The green dog sensed it should probably stay away from the man, but it could not. It was drawn to the man by forces as basic and compelling as its need to eat and get rid of what it had eaten, both as pleasurable as they were necessary. So one night it showed up at the man’s back door after the day went dark, and sang the universal sadness that even the man could understand. The man brought a bowl of something to the back door and laid it down for the green dog to eat, and the green dog ate what was in the bowl without bothering to smell it first, because it trusted the man it used to be.
And so the green dog came to feed each night at the house of the man it had been when it moved upright through the world. Although the food the man served was edible, something was not quite right about it. Sometimes the man cooked the food with the paper still wrapped around it; the dog ate the burned paper, too, which tasted quite good. Sometimes the man didn’t cook the food at all, which was fine with the green dog, even though it somehow knew this wasn’t so fine as far as the man was concerned.
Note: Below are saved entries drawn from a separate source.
lemma p8_partition_in_P8:
  assumes q5: "q5_data j mu tau"
  shows "p8_partition j mu tau \<in> P8 (sum_list (q5_partition j mu tau))"
proof -
  define T where "T = p8_partition j mu tau"
  define H where "H = p8_head j mu tau"
  define Z where "Z = p8_tail j mu tau"
  define y where "y = mu ! (j - 1)"
  define nu where "nu = map (\<lambda>x. x - j) H @ [0]"
  have j: "3 \<le> j" using q5 by (simp add: q5_data_def)
  have y: "2 \<le> y" using q5_data_min(2)[OF q5] by (simp add: y_def)
  have T: "T = H @ Z" by (simp add: T_def H_def Z_def p8_partition_def)
  have H: "length H = j - 1" "H ! 0 = j + length tau + y" "\<forall>x\<in>set H. j + y \<le> x"
    using length_p8_head[OF j] nth_p8_head(1)[OF j] p8_head_ge by (simp_all add: H_def y_def)
  have Z: "Z \<noteq> []" "hd Z = j" "tl Z ! 0 = j" "length Z = length tau + y + 1"
    using p8_tail_props(1)[OF q5] by (simp_all add: Z_def p8_tail_def Let_def y_def)
  have durfee: "durfee T = j" using durfee_p8_partition[OF q5] by (simp add: T_def)
  have alpha: "dalpha T = conj nu" and beta: "dbeta T = tl Z"
    using durfee_symbol_append[OF durfee[unfolded T] _ H(1) Z(1,2)] j by (auto simp: nu_def T)
  have "sorted_wrt (\<ge>) nu" "nu \<noteq> []"
    using sorted_p8_head[OF q5] H j
    by (auto simp: nu_def H_def sorted_wrt_append sorted_wrt_map intro: sorted_wrt_mono_rel[rotated])
  moreover have "nu ! 0 = length tau + y" using H j by (simp add: nu_def nth_append)
  ultimately have M: "Max (insert 0 (set nu)) = length tau + y" by (metis Max_insert_0_sorted_desc)
  have "count_ge s (map (\<lambda>x. x - j) H) = j - 1" if "s \<le> 2" for s
    using H(1,3) y that by (subst count_ge_eq_length) auto
  then have "count_ge 1 nu = j - 1" "count_ge 2 nu = j - 1" by (simp_all add: nu_def)
  then have "part (dalpha T) 1 = j - 1" "part (dalpha T) 2 = j - 1"
    using M y by (simp_all add: alpha part_conj)
  moreover have "length (dalpha T) = length (dbeta T)" using M Z(4) by (simp add: alpha beta length_conj)
  moreover have "part (dbeta T) 1 = j" "2 \<notin> set (dbeta T)"
    using Z y p8_tail_props(4)[OF q5] by (simp_all add: beta part_nth Z_def[symmetric])
  moreover have "rank T \<ge> 0" using H(1,2) Z(4) j by (simp add: T rank_def part_nth nth_append)
  ultimately show ?thesis
    using is_partition_p8_partition[OF q5] sum_list_p8_partition[OF q5] durfee j
    unfolding P8_def partitions_of_def Let_def T_def by simp
qed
Finally one night the dog came for supper and the man came to the back door without a bowl in his hand. The man opened the screen door and held it as the green dog readily trotted inside. “Here,” the man said, gesturing around the kitchen. For a moment the dog was confused, thinking it must be daylight again and this a garbage heap—it had that very smell, that very appearance. The dog looked up at the man. “Don’t look so stupid!” the man shouted. “Help yourself!” And after a brief, sad and nervous time, the dog did what the man said.
The man himself ate very little in the days that followed. Sometimes he would sit down on the floor with the dog and put a plate no cleaner than the dog’s bowl on the floor in front of him. Sometimes he would stick his fingers into the food, bring them into his mouth and suck on them loudly. The dog was hungry even though all it really wanted to do was watch the man.
But most of the time the man did not eat. Most of the time the man stared at the food, and spoke words at the food, but did not eat the food. Out of respect the dog held back from its own food as long as it could, but eventually of course it ate because it had the honesty of a dog, which compels it to eat when it is hungry, to rest when it is tired, to bark and to howl and to make any noise possible with its particular vocal chords when it feels whatever it is destined to feel. And to ignore what it sees in the mirror.
The man, on the other hand, had lied so long to himself and to others he could no longer tell if he was tired or hungry or in some sad and lonely state with the best part of him residing in this ugly green dog of the solitary testicle.
Eventually the man fell ill. The green dog had been expecting this, because even a dog understands that everything must eat in order to live, just as it must breathe and drink and move through the world with others of its kind. These are things that even a green dog knows.